Wednesday, 21 March 2012

Leaving Home

It seems hard to believe it’ll be 13 years in October since I found myself starting the first year of my degree. 18-years-old, a naive, nervous kid from Cumbria transported down near That London. At the time, my mother thought I was running away from her, like they all do at such moments. Why hadn't I gone to Preston or Newcastle, only a two hour drive from home?

The reason was exactly that. The freshly-adult D.C. Harrison hadn't liked the shy, bumbling teenager he had thus so far been. I blamed my parents insomuch as they had brought me up in some crap hell-hole of a one-horse town where I was labelled a "puff" for daring to read outside lessons and would routinely take a kicking during enforced rugby matches that seemed less a competition and more an exercise in seeing who out of the other 29 could bounce on my head the most.

Thus, I decided that by going to university hours away from anybody who even vaguely knew me I could reinvent myself as some kind of cool cat to whom all the pretty girls would flock to, attracted by my Northern brogue. As it turned out, it was more a problem than anything, as I had to repeat myself about three times, as most of my fellow students hadn't heard a Northern accent outside the Gallagher brothers.

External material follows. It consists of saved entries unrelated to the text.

(* Let $m_{11},m_{12},m_{13},l_1,l_2\in k$ with $(m_{11},m_{12},m_{13})\neq0$, $m_{12}l_1^2+m_{13}l_2^2=m_{11}$, $l_1\neq0$ and $l_2=0$, and let $M=\begin{pmatrix}m_{11}&m_{12}&m_{13}\\ l_1m_{11}&l_1m_{12}&l_1m_{13}\\ l_2m_{11}&l_2m_{12}&l_2m_{13}\end{pmatrix}$. Then: (1) if $m_{12}\neq0$ and $m_{13}\neq0$, then $\mathcal{A}_{\mathcal{O}_{-1}(k^3)}(M)\cong\mathcal{A}_{\mathcal{O}_{-1}(k^3)}(E_{11}+E_{12}+E_{13}+E_{21}+E_{22}+E_{23})$; (2) if $m_{12}=0$ and $m_{13}\neq0$, then $\mathcal{A}_{\mathcal{O}_{-1}(k^3)}(M)\cong\mathcal{A}_{\mathcal{O}_{-1}(k^3)}(E_{13}+E_{23})$; (3) if $m_{12}\neq0$ and $m_{13}=0$, then $\mathcal{A}_{\mathcal{O}_{-1}(k^3)}(M)\cong\mathcal{A}_{\mathcal{O}_{-1}(k^3)}(E_{11}+E_{12}+E_{21}+E_{22})$.
   Context: $k$ is an algebraically closed field of characteristic zero. $E_{ij}$ denotes the $3\times3$ matrix unit with $1$ in position $(i,j)$. For $M=(m_{ij})\in M_3(k)$, $\mathcal{A}_{\mathcal{O}_{-1}(k^3)}(M)$ is the connected cochain DG algebra whose underlying graded algebra is generated by degree-one $x_1,x_2,x_3$ subject to $x_ix_j=-x_jx_i$ ($i<j$), with differential determined by $\partial(x_i)=\sum_j m_{ij}x_j^2$ and the Leibniz rule; $\cong$ means isomorphism of DG algebras. *)

theory Defs
  imports "HOL-Computational_Algebra.Polynomial"
begin

text \<open>The graded algebra O_{-1}(k^3): elements are finitely supported coefficient
functions on exponent triples (a1,a2,a3), the triple standing for the
normal-ordered monomial x1^a1 x2^a2 x3^a3.  The relations x_i x_j = - x_j x_i (i<j)
give  x^a x^b = (-1)^(a2 b1 + a3 b1 + a3 b2) x^(a+b).\<close>

type_synonym 'k elt = "nat \<times> nat \<times> nat \<Rightarrow> 'k"

definition alg_closed :: "'k::field itself \<Rightarrow> bool" where
  "alg_closed _ \<longleftrightarrow> (\<forall>p::'k poly. degree p \<ge> 1 \<longrightarrow> (\<exists>x. poly p x = 0))"

definition carrierO :: "'k::field elt set" where
  "carrierO = {f. finite {a. f a \<noteq> 0}}"

definition mdeg :: "nat \<times> nat \<times> nat \<Rightarrow> nat" where
  "mdeg a = fst a + fst (snd a) + snd (snd a)"

definition homog :: "nat \<Rightarrow> 'k::field elt \<Rightarrow> bool" where
  "homog n f \<longleftrightarrow> (\<forall>a. f a \<noteq> 0 \<longrightarrow> mdeg a = n)"

definition mon :: "nat \<times> nat \<times> nat \<Rightarrow> 'k::field elt" where
  "mon a = (\<lambda>b. if b = a then 1 else 0)"

definition oneO :: "'k::field elt" where
  "oneO = mon (0,0,0)"

definition msign :: "nat \<times> nat \<times> nat \<Rightarrow> nat \<times> nat \<times> nat \<Rightarrow> 'k::field" where
  "msign a b = (case a of (a1,a2,a3) \<Rightarrow> case b of (b1,b2,b3) \<Rightarrow>
      (-1) ^ (a2*b1 + a3*b1 + a3*b2))"

definition mulO :: "'k::field elt \<Rightarrow> 'k elt \<Rightarrow> 'k elt" where
  "mulO f g = (\<lambda>(c1,c2,c3). \<Sum>i\<le>c1. \<Sum>j\<le>c2. \<Sum>l\<le>c3.
      msign (i,j,l) (c1-i,c2-j,c3-l) * f (i,j,l) * g (c1-i,c2-j,c3-l))"

definition gen :: "nat \<Rightarrow> 'k::field elt" where
  "gen i = mon (if i = 1 then (1,0,0) else if i = 2 then (0,1,0) else (0,0,1))"

definition sqexp :: "nat \<Rightarrow> nat \<times> nat \<times> nat" where
  "sqexp j = (if j = 1 then (2,0,0) else if j = 2 then (0,2,0) else (0,0,2))"

definition addt :: "nat \<times> nat \<times> nat \<Rightarrow> nat \<times> nat \<times> nat \<Rightarrow> nat \<times> nat \<times> nat" where
  "addt a b = (fst a + fst b, fst (snd a) + fst (snd b), snd (snd a) + snd (snd b))"

text \<open>Matrices M_3(k) as functions on indices 1..3.\<close>
type_synonym 'k mat3 = "nat \<Rightarrow> nat \<Rightarrow> 'k"

text \<open>The differential of A(M) on a monomial x1^a1 x2^a2 x3^a3, obtained from
d(x_i) = sum_j m_ij x_j^2 and the graded Leibniz rule
d(uv) = d(u) v + (-1)^|u| u d(v).  (Since x_j^2 is central,
d(x_i^n) = [n odd] x_i^(n-1) d(x_i).)\<close>
definition dmon :: "'k::field mat3 \<Rightarrow> nat \<times> nat \<times> nat \<Rightarrow> 'k elt" where
  "dmon M a = (case a of (a1,a2,a3) \<Rightarrow> (\<lambda>c.
       (if odd a1 then (\<Sum>j\<in>{1..3}. M 1 j * mon (addt (a1-1,a2,a3) (sqexp j)) c) else 0)
     + (-1)^a1 * (if odd a2 then (\<Sum>j\<in>{1..3}. M 2 j * mon (addt (a1,a2-1,a3) (sqexp j)) c) else 0)
     + (-1)^(a1+a2) * (if odd a3 then (\<Sum>j\<in>{1..3}. M 3 j * mon (addt (a1,a2,a3-1) (sqexp j)) c) else 0)))"

definition dO :: "'k::field mat3 \<Rightarrow> 'k elt \<Rightarrow> 'k elt" where
  "dO M f = (\<lambda>c. \<Sum>a\<in>{a. f a \<noteq> 0}. f a * dmon M a c)"

definition dg_iso :: "'k::field mat3 \<Rightarrow> 'k mat3 \<Rightarrow> bool" where
  "dg_iso M N \<longleftrightarrow> (\<exists>\<phi> :: 'k elt \<Rightarrow> 'k elt.
      bij_betw \<phi> carrierO carrierO
    \<and> (\<forall>f\<in>carrierO. \<forall>g\<in>carrierO. \<forall>r.
          \<phi> (\<lambda>c. r * f c + g c) = (\<lambda>c. r * \<phi> f c + \<phi> g c))
    \<and> (\<forall>f\<in>carrierO. \<forall>g\<in>carrierO. \<phi> (mulO f g) = mulO (\<phi> f) (\<phi> g))
    \<and> \<phi> oneO = oneO
    \<and> (\<forall>n. \<forall>f\<in>carrierO. homog n f \<longrightarrow> homog n (\<phi> f))
    \<and> (\<forall>f\<in>carrierO. \<phi> (dO M f) = dO N (\<phi> f)))"

definition Emat :: "nat \<Rightarrow> nat \<Rightarrow> 'k::field mat3" where
  "Emat i j = (\<lambda>r s. if r = i \<and> s = j then 1 else 0)"

definition msum :: "'k::field mat3 list \<Rightarrow> 'k mat3" where
  "msum Ms = (\<lambda>r s. \<Sum>A\<leftarrow>Ms. A r s)"

end

theory Submission
  imports Defs
begin

text \<open>A diagonal change of generators x_i \<mapsto> c_i x_i (all c_i \<noteq> 0) is an
automorphism of the graded algebra O_{-1}(k^3), acting on a monomial x^a by the weight
c^a = c_1^a1 c_2^a2 c_3^a3.  It transports d(x_i) = \<Sum>_j m_ij x_j^2 to
d(x_i) = \<Sum>_j (m_ij c_j^2 / c_i) x_j^2, so A(M) \<cong> A(N) whenever
n_ij c_i = m_ij c_j^2.  For the rank-one matrices M of the theorem the required c_i
can be solved for explicitly; only case (1) needs a square root, which exists since
k is algebraically closed.\<close>

definition weight :: "(nat \<Rightarrow> 'k::field) \<Rightarrow> nat \<times> nat \<times> nat \<Rightarrow> 'k" where
  "weight c a = (case a of (a1,a2,a3) \<Rightarrow> c 1 ^ a1 * c 2 ^ a2 * c 3 ^ a3)"

definition rescale :: "(nat \<Rightarrow> 'k::field) \<Rightarrow> 'k elt \<Rightarrow> 'k elt" where
  "rescale c f = (\<lambda>a. weight c a * f a)"

lemma weight_nonzero:
  "c 1 \<noteq> 0 \<Longrightarrow> c 2 \<noteq> 0 \<Longrightarrow> c 3 \<noteq> 0 \<Longrightarrow> weight c a \<noteq> 0"
  by (auto simp: weight_def split: prod.splits)

lemma weight_addt: "weight c (addt a b) = weight c a * weight c b"
  by (auto simp: weight_def addt_def power_add mult_ac split: prod.splits)

lemma weight_sqexp:
  assumes "j \<in> {1..3}"
  shows "weight c (sqexp j) = c j ^ 2"
proof -
  have "j = 1 \<or> j = 2 \<or> j = 3" using assms by auto
  then show ?thesis by (auto simp: weight_def sqexp_def)
qed

lemma weight_diff:
  assumes "i \<le> a1" "j \<le> a2" "l \<le> a3"
  shows "weight c (a1,a2,a3) = weight c (i,j,l) * weight c (a1-i, a2-j, a3-l)"
proof -
  have "addt (i,j,l) (a1-i, a2-j, a3-l) = (a1,a2,a3)"
    using assms by (simp add: addt_def)
  then show ?thesis by (metis weight_addt)
qed

lemma weight_odd_exponent:
  assumes "odd n"
  shows "weight c (n,a2,a3) = weight c (n-1,a2,a3) * c 1"
    and "weight c (a1,n,a3) = weight c (a1,n-1,a3) * c 2"
    and "weight c (a1,a2,n) = weight c (a1,a2,n-1) * c 3"
proof -
  have "x ^ n = x ^ (n-1) * x" for x :: 'a
    using assms by (metis odd_pos power_minus_mult)
  then show "weight c (n,a2,a3) = weight c (n-1,a2,a3) * c 1"
    and "weight c (a1,n,a3) = weight c (a1,n-1,a3) * c 2"
    and "weight c (a1,a2,n) = weight c (a1,a2,n-1) * c 3"
    by (simp_all add: weight_def mult_ac)
qed

lemma rescale_row:
  fixes M N :: "'k::field mat3"
  assumes MN: "\<forall>i\<in>{1..3}. \<forall>j\<in>{1..3}. N i j * c i = M i j * c j ^ 2"
    and i: "i \<in> {1..3}"
  shows "weight c e * (\<Sum>j\<in>{1..3}. M i j * mon (addt b (sqexp j)) e)
       = weight c b * c i * (\<Sum>j\<in>{1..3}. N i j * mon (addt b (sqexp j)) e)"
  unfolding sum_distrib_left
proof (rule sum.cong)
  fix j :: nat assume j: "j \<in> {1..3}"
  have "N i j * c i = M i j * c j ^ 2" using MN i j by blast
  then show "weight c e * (M i j * mon (addt b (sqexp j)) e)
           = weight c b * c i * (N i j * mon (addt b (sqexp j)) e)"
    using j by (auto simp: mon_def weight_addt weight_sqexp mult_ac)
qed simp

lemma weight_dmon:
  fixes M N :: "'k::field mat3"
  assumes MN: "\<forall>i\<in>{1..3}. \<forall>j\<in>{1..3}. N i j * c i = M i j * c j ^ 2"
  shows "weight c e * dmon M a e = weight c a * dmon N a e"
proof -
  obtain a1 a2 a3 where a: "a = (a1,a2,a3)" by (cases a) auto
  note row = rescale_row[OF MN, of _ e]
  have row1: "weight c e * (if odd a1 then \<Sum>j\<in>{1..3}. M 1 j * mon (addt (a1-1,a2,a3) (sqexp j)) e else 0)
      = weight c a * (if odd a1 then \<Sum>j\<in>{1..3}. N 1 j * mon (addt (a1-1,a2,a3) (sqexp j)) e else 0)"
    using row[of 1] weight_odd_exponent(1)[of a1 c a2 a3] by (simp add: a)
  have row2: "weight c e * (if odd a2 then \<Sum>j\<in>{1..3}. M 2 j * mon (addt (a1,a2-1,a3) (sqexp j)) e else 0)
      = weight c a * (if odd a2 then \<Sum>j\<in>{1..3}. N 2 j * mon (addt (a1,a2-1,a3) (sqexp j)) e else 0)"
    using row[of 2] weight_odd_exponent(2)[of a2 c a1 a3] by (simp add: a)
  have row3: "weight c e * (if odd a3 then \<Sum>j\<in>{1..3}. M 3 j * mon (addt (a1,a2,a3-1) (sqexp j)) e else 0)
      = weight c a * (if odd a3 then \<Sum>j\<in>{1..3}. N 3 j * mon (addt (a1,a2,a3-1) (sqexp j)) e else 0)"
    using row[of 3] weight_odd_exponent(3)[of a3 c a1 a2] by (simp add: a)
  show ?thesis
    unfolding dmon_def a prod.case using row1 row2 row3
    by (simp only: distrib_left a[symmetric] mult.left_commute[of "weight c e"]
        mult.left_commute[of "weight c a"])
qed

lemma rescale_mulO: "rescale c (mulO f g) = mulO (rescale c f) (rescale c g)"
proof
  fix e :: "nat \<times> nat \<times> nat"
  obtain e1 e2 e3 where "e = (e1,e2,e3)" by (cases e) auto
  then show "rescale c (mulO f g) e = mulO (rescale c f) (rescale c g) e"
    by (simp add: rescale_def mulO_def sum_distrib_left weight_diff mult_ac)
qed

lemma rescale_dO:
  assumes "\<forall>i\<in>{1..3}. \<forall>j\<in>{1..3}. N i j * c i = M i j * c j ^ 2"
    and "\<And>a. weight c a \<noteq> 0"
  shows "rescale c (dO M f) = dO N (rescale c f)"
proof
  fix e
  have "rescale c (dO M f) e = (\<Sum>a\<in>{a. f a \<noteq> 0}. f a * (weight c e * dmon M a e))"
    by (simp add: rescale_def dO_def sum_distrib_left mult_ac)
  also have "\<dots> = (\<Sum>a\<in>{a. f a \<noteq> 0}. rescale c f a * dmon N a e)"
    by (simp add: weight_dmon[OF assms(1)] rescale_def mult_ac)
  also have "\<dots> = dO N (rescale c f) e"
    using assms(2) by (simp add: dO_def rescale_def)
  finally show "rescale c (dO M f) e = dO N (rescale c f) e" .
qed

lemma bij_betw_rescale:
  assumes "\<And>a. weight c a \<noteq> 0"
  shows "bij_betw (rescale c) carrierO carrierO"
proof (rule bij_betw_byWitness[where f' = "rescale (\<lambda>i. inverse (c i))"])
  have weight_inverse: "weight (\<lambda>i. inverse (c i)) a = inverse (weight c a)" for a
    by (auto simp: weight_def power_inverse split: prod.splits)
  show "\<forall>f\<in>carrierO. rescale (\<lambda>i. inverse (c i)) (rescale c f) = f"
    and "\<forall>f\<in>carrierO. rescale c (rescale (\<lambda>i. inverse (c i)) f) = f"
    using assms by (simp_all add: rescale_def weight_inverse mult.assoc[symmetric])
  show "rescale c ` carrierO \<subseteq> carrierO"
    and "rescale (\<lambda>i. inverse (c i)) ` carrierO \<subseteq> carrierO"
    using assms by (auto simp: carrierO_def rescale_def weight_inverse)
qed

lemma dg_iso_rescale:
  fixes M N :: "'k::field mat3"
  assumes MN: "\<forall>i\<in>{1..3}. \<forall>j\<in>{1..3}. N i j * c i = M i j * c j ^ 2"
    and "c 1 \<noteq> 0" "c 2 \<noteq> 0" "c 3 \<noteq> 0"
  shows "dg_iso M N"
  unfolding dg_iso_def
proof (intro exI conjI)
  have nonzero: "\<And>a. weight c a \<noteq> 0" using assms weight_nonzero by blast
  show "bij_betw (rescale c) carrierO carrierO" using bij_betw_rescale[OF nonzero] .
  show "\<forall>f\<in>carrierO. \<forall>g\<in>carrierO. \<forall>r.
          rescale c (\<lambda>e. r * f e + g e) = (\<lambda>e. r * rescale c f e + rescale c g e)"
    by (simp add: rescale_def algebra_simps)
  show "\<forall>f\<in>carrierO. \<forall>g\<in>carrierO. rescale c (mulO f g) = mulO (rescale c f) (rescale c g)"
    by (simp add: rescale_mulO)
  show "rescale c oneO = oneO"
    by (auto simp: rescale_def oneO_def mon_def weight_def)
  show "\<forall>n. \<forall>f\<in>carrierO. homog n f \<longrightarrow> homog n (rescale c f)"
    by (simp add: homog_def rescale_def)
  show "\<forall>f\<in>carrierO. rescale c (dO M f) = dO N (rescale c f)"
    using rescale_dO[OF MN nonzero] by blast
qed

lemma alg_closed_square_root:
  fixes x :: "'k::field"
  assumes "alg_closed TYPE('k)"
  obtains s where "s ^ 2 = x"
proof -
  have "degree [:- x, 0, 1:] \<ge> 1" by simp
  then obtain s where "poly [:- x, 0, 1:] s = 0"
    using assms unfolding alg_closed_def by blast
  then show ?thesis using that by (simp add: power2_eq_square)
qed

theorem lemma7p2:
  fixes m11 m12 m13 l1 l2 :: "'k::field_char_0"
    and M :: "'k mat3"
  assumes "alg_closed TYPE('k)"
    and "(m11, m12, m13) \<noteq> (0, 0, 0)"
    and "m12 * l1^2 + m13 * l2^2 = m11"
    and "l1 \<noteq> 0" and "l2 = 0"
    and "M = (\<lambda>i j. (if i = 1 then 1 else if i = 2 then l1 else l2) *
                    (if j = 1 then m11 else if j = 2 then m12 else m13))"
  shows "(m12 \<noteq> 0 \<and> m13 \<noteq> 0 \<longrightarrow>
            dg_iso M (msum [Emat 1 1, Emat 1 2, Emat 1 3, Emat 2 1, Emat 2 2, Emat 2 3]))
       \<and> (m12 = 0 \<and> m13 \<noteq> 0 \<longrightarrow> dg_iso M (msum [Emat 1 3, Emat 2 3]))
       \<and> (m12 \<noteq> 0 \<and> m13 = 0 \<longrightarrow>
            dg_iso M (msum [Emat 1 1, Emat 1 2, Emat 2 1, Emat 2 2]))"
proof -
  have m11: "m11 = m12 * l1^2" using assms(3,5) by simp
  have M: "M = (\<lambda>i j. (if i = 1 then 1 else if i = 2 then l1 else 0) *
                    (if j = 1 then m12 * l1^2 else if j = 2 then m12 else m13))"
    unfolding assms(5,6) m11 by simp
  show ?thesis
  proof (intro conjI impI)
    assume "m12 \<noteq> 0 \<and> m13 \<noteq> 0"
    moreover obtain s where "s ^ 2 = 1 / (m12 * m13 * l1^2)"
      using alg_closed_square_root[OF assms(1)] .
    ultimately show "dg_iso M (msum [Emat 1 1, Emat 1 2, Emat 1 3, Emat 2 1, Emat 2 2, Emat 2 3])"
      using assms(4)
      by (intro dg_iso_rescale[where c = "\<lambda>i. if i = 1 then 1/(m12*l1^2) else if i = 2 then 1/(m12*l1) else s"])
         (auto simp: M msum_def Emat_def field_simps power2_eq_square)
  next
    assume "m12 = 0 \<and> m13 \<noteq> 0"
    then show "dg_iso M (msum [Emat 1 3, Emat 2 3])"
      using assms(4)
      by (intro dg_iso_rescale[where c = "\<lambda>i. if i = 1 then m13 else if i = 2 then l1*m13 else 1"])
         (auto simp: M msum_def Emat_def field_simps power2_eq_square)
  next
    assume "m12 \<noteq> 0 \<and> m13 = 0"
    then show "dg_iso M (msum [Emat 1 1, Emat 1 2, Emat 2 1, Emat 2 2])"
      using assms(4)
      by (intro dg_iso_rescale[where c = "\<lambda>i. if i = 1 then 1/(m12*l1^2) else if i = 2 then 1/(m12*l1) else 1"])
         (auto simp: M msum_def Emat_def field_simps power2_eq_square)
  qed
qed

end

On the plus side, it was good to be away from the heavy working class machismo that I'd been brought up in. For the first time, I was hanging out with people from every combination of race, religion and sexuality. It was nice to be in an environment where a chap could, if so wished, flirt with another fellow and not expect to then suddenly find themselves in hospital as a result.

Sometime in Fresher’s Week, the Student Union had an event that was based around a Stock Exchange concept. The large screen (usually used to show football games) featured a list of drinks with prices, which fluctuated – I assume – dependent on what was selling. Being a tall chap, we were able to stand right by the bar and still be able to see what was going cheap over everyone else’s heads.

In hindsight, it seems a pretty stupid idea, doing as it does encouraging everyone to mix drinks like mad and induce mass hoying of ring. It certainly happened to my neighbours, though I someone managed to keep enough common sense to stick to the piss-weak lager they were serving on tap. Within weeks, a friendly skinhead on my course called Big Dave (and haven’t we all known a Big Dave at some point?) introduced me to Newcastle Brown Ale, which we worked out of all the bottled ales gave the best value for money and therefore became my tipple of choice throughout the rest of our studies. Strangely, I've not touched it since graduation, not even on my trip to LA in 2005 where it was bizarrely advertised on billboards all over Hollywood as being a drink for attractive young hipsters, rather than for factory workers from places like Wolverhampton and Hull to guzzle before the usual Saturday night scrap at closing time.

In hindsight of that year, it was maybe enough to survive. There were stories abound of burn-outs: indeed, I once helped a completely zonked-out vague acquaintance to bed after a frankly colossal all-day bender involving most drugs known to man washed down with a small lake of alcohol. A few days later I found out he’d been checked into the psychiatric wing of the local hospital. Happy ending: he subsequently took on a monk-like lifestyle and graduated with a first. Several lads I knew on my course dropped out before the first year was out, red-eyed and lost.

I nearly ended up there myself: I confess to playing up some kind of cliché as hard-drinking Northerner, helped by the fact that most of my fellow students (bar the Irish) couldn't hold their booze. Come Easter, however, a single bottle of beer at the start of the evening was enough to send me to my bed for a restless night of throwing up to the point of dry-retching. The false bubble of indestructibility was burst and I spent the next few months pretty much teetotal.

Lying in bed after that night, I came to the realisation that when it all comes down, you can't hide who you are from that nagging voice in the back of your head. I'm the least cool, hip person in the world and am tough as a Daisy. Subsequently, I limped through my degree with diminishing interest, preferring to spend my days playing Pro Evolution Soccer on Playstation and watching about four episodes of the Simpsons a day.

Three years concluded with me limping back up North with a heavy sense of “is that it?”, set to enter a two year spell in the Phantom Zone of unemployment that ended when a friend rescued me, setting in motion a series of events that saw me gratefully dragged up to the lifeboat HMS Manchester.

Years on, on a return visit to home, and after a fair few drinks, I made some kind of apology to my parents for being such a pain back then, especially for having the feelings described in the second paragraph here. My dad told me not to be so bloody daft.